- **Data records**
(* Let $Z$ be a weakly efficient solution of the SDP relaxation described in the context, with first-row data $(z_+,z_-,\rho)$. If $\rho=1$, then $(z_+,z_-,1)$ is feasible and weakly efficient for the QCQP.
   Context: Let $k,m,n\in\mathbb{N}$. Let $A_c,A_\delta\in\mathbb{R}^{m\times n}$ with $A_\delta\ge 0$ entrywise, $b_c,b_\delta\in\mathbb{R}^m$ with $b_\delta\ge0$, $G\in\mathbb{R}^{k\times n}$, and $\ell,u\in\mathbb{R}^n$ with $\ell\le u$. All vector inequalities are componentwise. QCQP: variables $x_+,x_-\in\mathbb{R}^n_{\ge0}$, $r\in[0,1]$, subject to $A_cx_+-A_cx_-+rA_\delta x_++rA_\delta x_-+rb_\delta-b_c\le0$ and $\ell\le x_+-x_-\le u$; vector objective $F(x_+,x_-,r)=(G(x_+-x_-),-r)\in\mathbb{R}^{k+1}$, minimized in the Pareto sense. SDP relaxation: variable a symmetric positive semidefinite matrix $Z$ of size $(2n+2)\times(2n+2)$ written in block form with row/column blocks of sizes $1,n,n,1$: $Z=\begin{pmatrix} Z_{00} & z_+^T & z_-^T & \rho\\ z_+ & * & * & w_+\\ z_- & * & * & w_-\\ \rho & w_+^T & w_-^T & \sigma\end{pmatrix}$, with $z_\pm,w_\pm\in\mathbb{R}^n$, $\rho,\sigma\in\mathbb{R}$. Constraints: $Z_{00}=1$; $A_cz_+-A_cz_-+A_\delta(w_++w_-)+\rho\, b_\delta-b_c\le0$; $\ell\le z_+-z_-\le u$; $z_+,z_-\ge0$, $\rho\ge0$, $w_+,w_-\ge0$; $\sigma\le1$. Vector objective $(G(z_+-z_-),-\rho)\in\mathbb{R}^{k+1}$, minimized in the Pareto sense. Efficiency (for minimizing a vector function $f$ over a feasible set $\mathcal{X}$): $x^*\in\mathcal{X}$ is efficient if there is no $x\in\mathcal{X}$ with $f(x)\le f(x^* )$ and $f(x)\ne f(x^* )$; weakly efficient if there is no $x\in\mathcal{X}$ with $f(x)<f(x^* )$ (all components strict). *)

theory Defs
  imports Complex_Main
begin

text \<open>Dimensions k, m, n are natural numbers. Vectors in R^n are functions nat => real
  (only indices < n matter), matrices in R^(p x q) are functions nat => nat => real
  (only indices < p, < q matter).\<close>

definition mvec :: "nat \<Rightarrow> (nat \<Rightarrow> nat \<Rightarrow> real) \<Rightarrow> (nat \<Rightarrow> real) \<Rightarrow> nat \<Rightarrow> real" where
  "mvec n A x = (\<lambda>i. \<Sum>j<n. A i j * x j)"

definition efficient :: "('a \<Rightarrow> bool) \<Rightarrow> nat \<Rightarrow> ('a \<Rightarrow> nat \<Rightarrow> real) \<Rightarrow> 'a \<Rightarrow> bool" where
  "efficient feas K f x \<longleftrightarrow> feas x \<and>
     \<not> (\<exists>y. feas y \<and> (\<forall>i<K. f y i \<le> f x i) \<and> (\<exists>i<K. f y i \<noteq> f x i))"

definition weakly_efficient :: "('a \<Rightarrow> bool) \<Rightarrow> nat \<Rightarrow> ('a \<Rightarrow> nat \<Rightarrow> real) \<Rightarrow> 'a \<Rightarrow> bool" where
  "weakly_efficient feas K f x \<longleftrightarrow> feas x \<and> \<not> (\<exists>y. feas y \<and> (\<forall>i<K. f y i < f x i))"

definition qcqp_feasible ::
  "nat \<Rightarrow> nat \<Rightarrow> (nat \<Rightarrow> nat \<Rightarrow> real) \<Rightarrow> (nat \<Rightarrow> nat \<Rightarrow> real) \<Rightarrow> (nat \<Rightarrow> real) \<Rightarrow> (nat \<Rightarrow> real)
   \<Rightarrow> (nat \<Rightarrow> real) \<Rightarrow> (nat \<Rightarrow> real) \<Rightarrow> (nat \<Rightarrow> real) \<times> (nat \<Rightarrow> real) \<times> real \<Rightarrow> bool" where
  "qcqp_feasible m n Ac Ad bc bd l u = (\<lambda>(xp, xm, r).
     (\<forall>j<n. 0 \<le> xp j \<and> 0 \<le> xm j) \<and> 0 \<le> r \<and> r \<le> 1 \<and>
     (\<forall>i<m. mvec n Ac xp i - mvec n Ac xm i + r * mvec n Ad xp i + r * mvec n Ad xm i
              + r * bd i - bc i \<le> 0) \<and>
     (\<forall>j<n. l j \<le> xp j - xm j \<and> xp j - xm j \<le> u j))"

definition qcqp_obj ::
  "nat \<Rightarrow> nat \<Rightarrow> (nat \<Rightarrow> nat \<Rightarrow> real) \<Rightarrow> (nat \<Rightarrow> real) \<times> (nat \<Rightarrow> real) \<times> real \<Rightarrow> nat \<Rightarrow> real" where
  "qcqp_obj k n G = (\<lambda>(xp, xm, r) i.
     if i < k then mvec n G (\<lambda>j. xp j - xm j) i else - r)"

text \<open>Z is a (2n+2)x(2n+2) matrix with indices 0..2n+1; block rows/columns:
  0 | 1..n | n+1..2n | 2n+1.\<close>

definition sdp_zp :: "nat \<Rightarrow> (nat \<Rightarrow> nat \<Rightarrow> real) \<Rightarrow> nat \<Rightarrow> real" where
  "sdp_zp n Z = (\<lambda>j. Z 0 (1 + j))"
definition sdp_zm :: "nat \<Rightarrow> (nat \<Rightarrow> nat \<Rightarrow> real) \<Rightarrow> nat \<Rightarrow> real" where
  "sdp_zm n Z = (\<lambda>j. Z 0 (n + 1 + j))"
definition sdp_rho :: "nat \<Rightarrow> (nat \<Rightarrow> nat \<Rightarrow> real) \<Rightarrow> real" where
  "sdp_rho n Z = Z 0 (2 * n + 1)"
definition sdp_wp :: "nat \<Rightarrow> (nat \<Rightarrow> nat \<Rightarrow> real) \<Rightarrow> nat \<Rightarrow> real" where
  "sdp_wp n Z = (\<lambda>j. Z (1 + j) (2 * n + 1))"
definition sdp_wm :: "nat \<Rightarrow> (nat \<Rightarrow> nat \<Rightarrow> real) \<Rightarrow> nat \<Rightarrow> real" where
  "sdp_wm n Z = (\<lambda>j. Z (n + 1 + j) (2 * n + 1))"
definition sdp_sigma :: "nat \<Rightarrow> (nat \<Rightarrow> nat \<Rightarrow> real) \<Rightarrow> real" where
  "sdp_sigma n Z = Z (2 * n + 1) (2 * n + 1)"

definition psd :: "nat \<Rightarrow> (nat \<Rightarrow> nat \<Rightarrow> real) \<Rightarrow> bool" where
  "psd N Z \<longleftrightarrow> (\<forall>i<N. \<forall>j<N. Z i j = Z j i) \<and>
     (\<forall>v. 0 \<le> (\<Sum>i<N. \<Sum>j<N. v i * Z i j * v j))"

definition sdp_feasible ::
  "nat \<Rightarrow> nat \<Rightarrow> (nat \<Rightarrow> nat \<Rightarrow> real) \<Rightarrow> (nat \<Rightarrow> nat \<Rightarrow> real) \<Rightarrow> (nat \<Rightarrow> real) \<Rightarrow> (nat \<Rightarrow> real)
   \<Rightarrow> (nat \<Rightarrow> real) \<Rightarrow> (nat \<Rightarrow> real) \<Rightarrow> (nat \<Rightarrow> nat \<Rightarrow> real) \<Rightarrow> bool" where
  "sdp_feasible m n Ac Ad bc bd l u Z \<longleftrightarrow>
     psd (2 * n + 2) Z \<and> Z 0 0 = 1 \<and>
     (\<forall>i<m. mvec n Ac (sdp_zp n Z) i - mvec n Ac (sdp_zm n Z) i
              + mvec n Ad (\<lambda>j. sdp_wp n Z j + sdp_wm n Z j) i
              + sdp_rho n Z * bd i - bc i \<le> 0) \<and>
     (\<forall>j<n. l j \<le> sdp_zp n Z j - sdp_zm n Z j \<and> sdp_zp n Z j - sdp_zm n Z j \<le> u j) \<and>
     (\<forall>j<n. 0 \<le> sdp_zp n Z j \<and> 0 \<le> sdp_zm n Z j) \<and> 0 \<le> sdp_rho n Z \<and>
     (\<forall>j<n. 0 \<le> sdp_wp n Z j \<and> 0 \<le> sdp_wm n Z j) \<and>
     sdp_sigma n Z \<le> 1"

definition sdp_obj ::
  "nat \<Rightarrow> nat \<Rightarrow> (nat \<Rightarrow> nat \<Rightarrow> real) \<Rightarrow> (nat \<Rightarrow> nat \<Rightarrow> real) \<Rightarrow> nat \<Rightarrow> real" where
  "sdp_obj k n G Z = (\<lambda>i.
     if i < k then mvec n G (\<lambda>j. sdp_zp n Z j - sdp_zm n Z j) i else - sdp_rho n Z)"

end

theory Submission
  imports Defs
begin

(* Let L = 2n+1 be the last index. Since Z 0 0 = Z 0 L = 1 and Z L L <= 1, the vector
   e_0 - e_L has quadratic form Z L L - 1 <= 0 under the positive semidefinite Z, so it lies in
   the kernel of Z: the last column of Z equals the first, i.e. w_+ = z_+ and w_- = z_-. The SDP
   constraint then is exactly the QCQP constraint at r = 1, and weak efficiency is automatic
   because r = 1 already minimizes the last objective -r. *)

definition quad_form :: "nat \<Rightarrow> (nat \<Rightarrow> nat \<Rightarrow> real) \<Rightarrow> (nat \<Rightarrow> real) \<Rightarrow> real" where
  "quad_form N Z v = (\<Sum>i<N. \<Sum>j<N. v i * Z i j * v j)"

lemma psd_iff_quad_form:
  "psd N Z \<longleftrightarrow> (\<forall>i<N. \<forall>j<N. Z i j = Z j i) \<and> (\<forall>v. 0 \<le> quad_form N Z v)"
  unfolding psd_def quad_form_def ..

lemma linear_coeff_zero_if_quadratic_nonneg:
  fixes d c :: real
  assumes "\<And>t. 0 \<le> 2 * t * d + t\<^sup>2 * c"
  shows "d = 0"
proof (rule ccontr)
  assume "d \<noteq> 0"
  define s where "s = 1 / (\<bar>c\<bar> + 1)"
  have "s > 0" "s * c < 1" unfolding s_def by (simp_all add: add_pos_nonneg field_simps)
  have "0 \<le> 2 * (- s * d) * d + (- s * d)\<^sup>2 * c" by (rule assms)
  also have "\<dots> = s * d\<^sup>2 * (s * c - 2)" by (simp add: power2_eq_square algebra_simps)
  also have "\<dots> < 0"
    using \<open>s > 0\<close> \<open>s * c < 1\<close> \<open>d \<noteq> 0\<close> by (simp add: mult_pos_neg)
  finally show False by simp
qed

lemma sum_mult_unit:
  fixes f :: "nat \<Rightarrow> real"
  assumes "b < N"
  shows "(\<Sum>j<N. f j * of_bool (j = b)) = f b"
  using assms by (simp add: Int_absorb1)

lemma bilinear_units:
  fixes Z :: "nat \<Rightarrow> nat \<Rightarrow> real"
  assumes "a < N" "b < N"
  shows "(\<Sum>i<N. \<Sum>j<N. of_bool (i = a) * Z i j * of_bool (j = b)) = Z a b"
proof -
  have "(\<Sum>i<N. \<Sum>j<N. of_bool (i = a) * Z i j * of_bool (j = b))
      = (\<Sum>i<N. of_bool (i = a) * Z i b)"
    by (simp only: sum_mult_unit[OF \<open>b < N\<close>])
  also have "\<dots> = Z a b"
    using sum_mult_unit[OF \<open>a < N\<close>, of "\<lambda>i. Z i b"] by (simp only: mult.commute)
  finally show ?thesis .
qed

lemma quad_form_add_unit:
  assumes sym: "\<forall>i<N. \<forall>j<N. Z i j = Z j i" and "p < N"
  shows "quad_form N Z (\<lambda>i. v i + t * of_bool (i = p))
    = quad_form N Z v + 2 * t * mvec N Z v p + t\<^sup>2 * Z p p"
proof -
  let ?e = "\<lambda>i. of_bool (i = p) :: real"
  have row: "(\<Sum>i<N. \<Sum>j<N. ?e i * Z i j * v j) = mvec N Z v p"
    using \<open>p < N\<close> by (simp add: mvec_def mult.assoc flip: sum_distrib_left)
  have col: "(\<Sum>i<N. \<Sum>j<N. v i * Z i j * ?e j) = mvec N Z v p"
    unfolding mvec_def using \<open>p < N\<close> sym by (auto simp: mult.commute intro: sum.cong)
  have diag: "(\<Sum>i<N. \<Sum>j<N. ?e i * Z i j * ?e j) = Z p p"
    using \<open>p < N\<close> by (intro bilinear_units)
  have expand: "(v i + t * ?e i) * Z i j * (v j + t * ?e j)
      = v i * Z i j * v j + t * (?e i * Z i j * v j) + t * (v i * Z i j * ?e j)
        + t\<^sup>2 * (?e i * Z i j * ?e j)" for i j
    by (simp add: algebra_simps power2_eq_square)
  have "quad_form N Z (\<lambda>i. v i + t * ?e i)
      = quad_form N Z v + t * (\<Sum>i<N. \<Sum>j<N. ?e i * Z i j * v j)
        + t * (\<Sum>i<N. \<Sum>j<N. v i * Z i j * ?e j) + t\<^sup>2 * (\<Sum>i<N. \<Sum>j<N. ?e i * Z i j * ?e j)"
    unfolding quad_form_def expand by (simp only: sum.distrib sum_distrib_left)
  then show ?thesis
    unfolding row col diag by simp
qed

lemma psd_quad_form_zero_imp_mvec_zero:
  assumes "psd N Z" and "quad_form N Z v = 0" and "p < N"
  shows "mvec N Z v p = 0"
proof (rule linear_coeff_zero_if_quadratic_nonneg)
  fix t
  have "0 \<le> quad_form N Z (\<lambda>i. v i + t * of_bool (i = p))"
    using \<open>psd N Z\<close> by (simp add: psd_iff_quad_form)
  also have "\<dots> = 2 * t * mvec N Z v p + t\<^sup>2 * Z p p"
    using assms by (simp add: psd_iff_quad_form quad_form_add_unit)
  finally show "0 \<le> 2 * t * mvec N Z v p + t\<^sup>2 * Z p p" .
qed

lemma quad_form_unit_diff:
  assumes "a < N" "b < N"
  shows "quad_form N Z (\<lambda>i. of_bool (i = a) - of_bool (i = b)) = Z a a - Z a b - Z b a + Z b b"
proof -
  let ?e = "\<lambda>c i. of_bool (i = c) :: real"
  have "(?e a i - ?e b i) * Z i j * (?e a j - ?e b j)
      = ?e a i * Z i j * ?e a j - ?e a i * Z i j * ?e b j
        - ?e b i * Z i j * ?e a j + ?e b i * Z i j * ?e b j" for i j
    by (simp add: algebra_simps)
  then show ?thesis
    using assms by (simp only: quad_form_def sum.distrib sum_subtractf bilinear_units)
qed

lemma mvec_unit_diff:
  assumes "a < N" "b < N"
  shows "mvec N Z (\<lambda>i. of_bool (i = a) - of_bool (i = b)) p = Z p a - Z p b"
  using assms by (simp add: mvec_def algebra_simps sum_subtractf)

lemma psd_columns_eq:
  assumes "psd N Z" "a < N" "b < N" "p < N" and "Z a a + Z b b \<le> 2 * Z a b"
  shows "Z p a = Z p b"
proof -
  let ?v = "\<lambda>i. of_bool (i = a) - of_bool (i = b) :: real"
  have "Z b a = Z a b" using assms(1-3) by (simp add: psd_def)
  then have "quad_form N Z ?v \<le> 0"
    using assms(2,3,5) by (simp add: quad_form_unit_diff)
  moreover have "0 \<le> quad_form N Z ?v"
    using \<open>psd N Z\<close> by (simp add: psd_iff_quad_form)
  ultimately have "mvec N Z ?v p = 0"
    using assms(1,4) by (intro psd_quad_form_zero_imp_mvec_zero) auto
  then show ?thesis
    using assms(2,3) by (simp add: mvec_unit_diff)
qed

lemma sdp_rho_one_imp_w_eq_z:
  assumes "sdp_feasible m n Ac Ad bc bd l u Z" and "sdp_rho n Z = 1" and "j < n"
  shows "sdp_wp n Z j = sdp_zp n Z j" and "sdp_wm n Z j = sdp_zm n Z j"
proof -
  let ?L = "2 * n + 1"
  have psd: "psd (2 * n + 2) Z" and "Z 0 0 = 1" "Z 0 ?L = 1" "Z ?L ?L \<le> 1"
    using assms(1,2) by (auto simp: sdp_feasible_def sdp_rho_def sdp_sigma_def)
  then have "Z 0 0 + Z ?L ?L \<le> 2 * Z 0 ?L" by simp
  then have col: "Z p 0 = Z p ?L" if "p < 2 * n + 2" for p
    using psd that by (intro psd_columns_eq) auto
  have sym: "Z p 0 = Z 0 p" if "p < 2 * n + 2" for p
    using psd that by (simp add: psd_def)
  show "sdp_wp n Z j = sdp_zp n Z j"
    using col[of "1 + j"] sym[of "1 + j"] \<open>j < n\<close> by (simp add: sdp_wp_def sdp_zp_def)
  show "sdp_wm n Z j = sdp_zm n Z j"
    using col[of "n + 1 + j"] sym[of "n + 1 + j"] \<open>j < n\<close> by (simp add: sdp_wm_def sdp_zm_def)
qed

lemma sdp_rho_one_imp_qcqp_feasible:
  assumes "sdp_feasible m n Ac Ad bc bd l u Z" and "sdp_rho n Z = 1"
  shows "qcqp_feasible m n Ac Ad bc bd l u (sdp_zp n Z, sdp_zm n Z, 1)"
proof -
  have "mvec n Ad (\<lambda>j. sdp_wp n Z j + sdp_wm n Z j)
      = (\<lambda>i. mvec n Ad (sdp_zp n Z) i + mvec n Ad (sdp_zm n Z) i)"
    using sdp_rho_one_imp_w_eq_z[OF assms]
    by (simp add: mvec_def distrib_left sum.distrib)
  then show ?thesis
    using assms by (auto simp: qcqp_feasible_def sdp_feasible_def)
qed

lemma qcqp_weakly_efficient_if_r_one:
  assumes "qcqp_feasible m n Ac Ad bc bd l u (xp, xm, 1)"
  shows "weakly_efficient (qcqp_feasible m n Ac Ad bc bd l u) (k + 1) (qcqp_obj k n G) (xp, xm, 1)"
  unfolding weakly_efficient_def
proof (intro conjI assms notI)
  assume "\<exists>y. qcqp_feasible m n Ac Ad bc bd l u y \<and>
      (\<forall>i<k + 1. qcqp_obj k n G y i < qcqp_obj k n G (xp, xm, 1) i)"
  then obtain y where "qcqp_feasible m n Ac Ad bc bd l u y"
    and "qcqp_obj k n G y k < qcqp_obj k n G (xp, xm, 1) k"
    by auto
  then show False by (cases y) (simp add: qcqp_feasible_def qcqp_obj_def)
qed

theorem mainTheorem4:
  fixes k m n :: nat
    and Ac Ad G :: "nat \<Rightarrow> nat \<Rightarrow> real"
    and bc bd l u :: "nat \<Rightarrow> real"
    and Z :: "nat \<Rightarrow> nat \<Rightarrow> real"
  assumes "\<forall>i<m. \<forall>j<n. 0 \<le> Ad i j"
    and "\<forall>i<m. 0 \<le> bd i"
    and "\<forall>j<n. l j \<le> u j"
    and "weakly_efficient (sdp_feasible m n Ac Ad bc bd l u) (k + 1) (sdp_obj k n G) Z"
    and "sdp_rho n Z = 1"
  shows "qcqp_feasible m n Ac Ad bc bd l u (sdp_zp n Z, sdp_zm n Z, 1)
    \<and> weakly_efficient (qcqp_feasible m n Ac Ad bc bd l u) (k + 1) (qcqp_obj k n G)
        (sdp_zp n Z, sdp_zm n Z, 1)"
proof -
  have "sdp_feasible m n Ac Ad bc bd l u Z"
    using assms(4) by (simp add: weakly_efficient_def)
  then have "qcqp_feasible m n Ac Ad bc bd l u (sdp_zp n Z, sdp_zm n Z, 1)"
    using assms(5) by (rule sdp_rho_one_imp_qcqp_feasible)
  then show ?thesis
    using qcqp_weakly_efficient_if_r_one by blast
qed

end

- **Task requirements**
Within the material above, extract exactly the lines that start at the line containing "v = (\<Sum>i<N." and stop after the line containing "add: add_pos_nonneg field_simps)", and only those.

- **Solution for this problem**
  "quad_form N Z v = (\<Sum>i<N. \<Sum>j<N. v i * Z i j * v j)"

lemma psd_iff_quad_form:
  "psd N Z \<longleftrightarrow> (\<forall>i<N. \<forall>j<N. Z i j = Z j i) \<and> (\<forall>v. 0 \<le> quad_form N Z v)"
  unfolding psd_def quad_form_def ..

lemma linear_coeff_zero_if_quadratic_nonneg:
  fixes d c :: real
  assumes "\<And>t. 0 \<le> 2 * t * d + t\<^sup>2 * c"
  shows "d = 0"
proof (rule ccontr)
  assume "d \<noteq> 0"
  define s where "s = 1 / (\<bar>c\<bar> + 1)"
  have "s > 0" "s * c < 1" unfolding s_def by (simp_all add: add_pos_nonneg field_simps)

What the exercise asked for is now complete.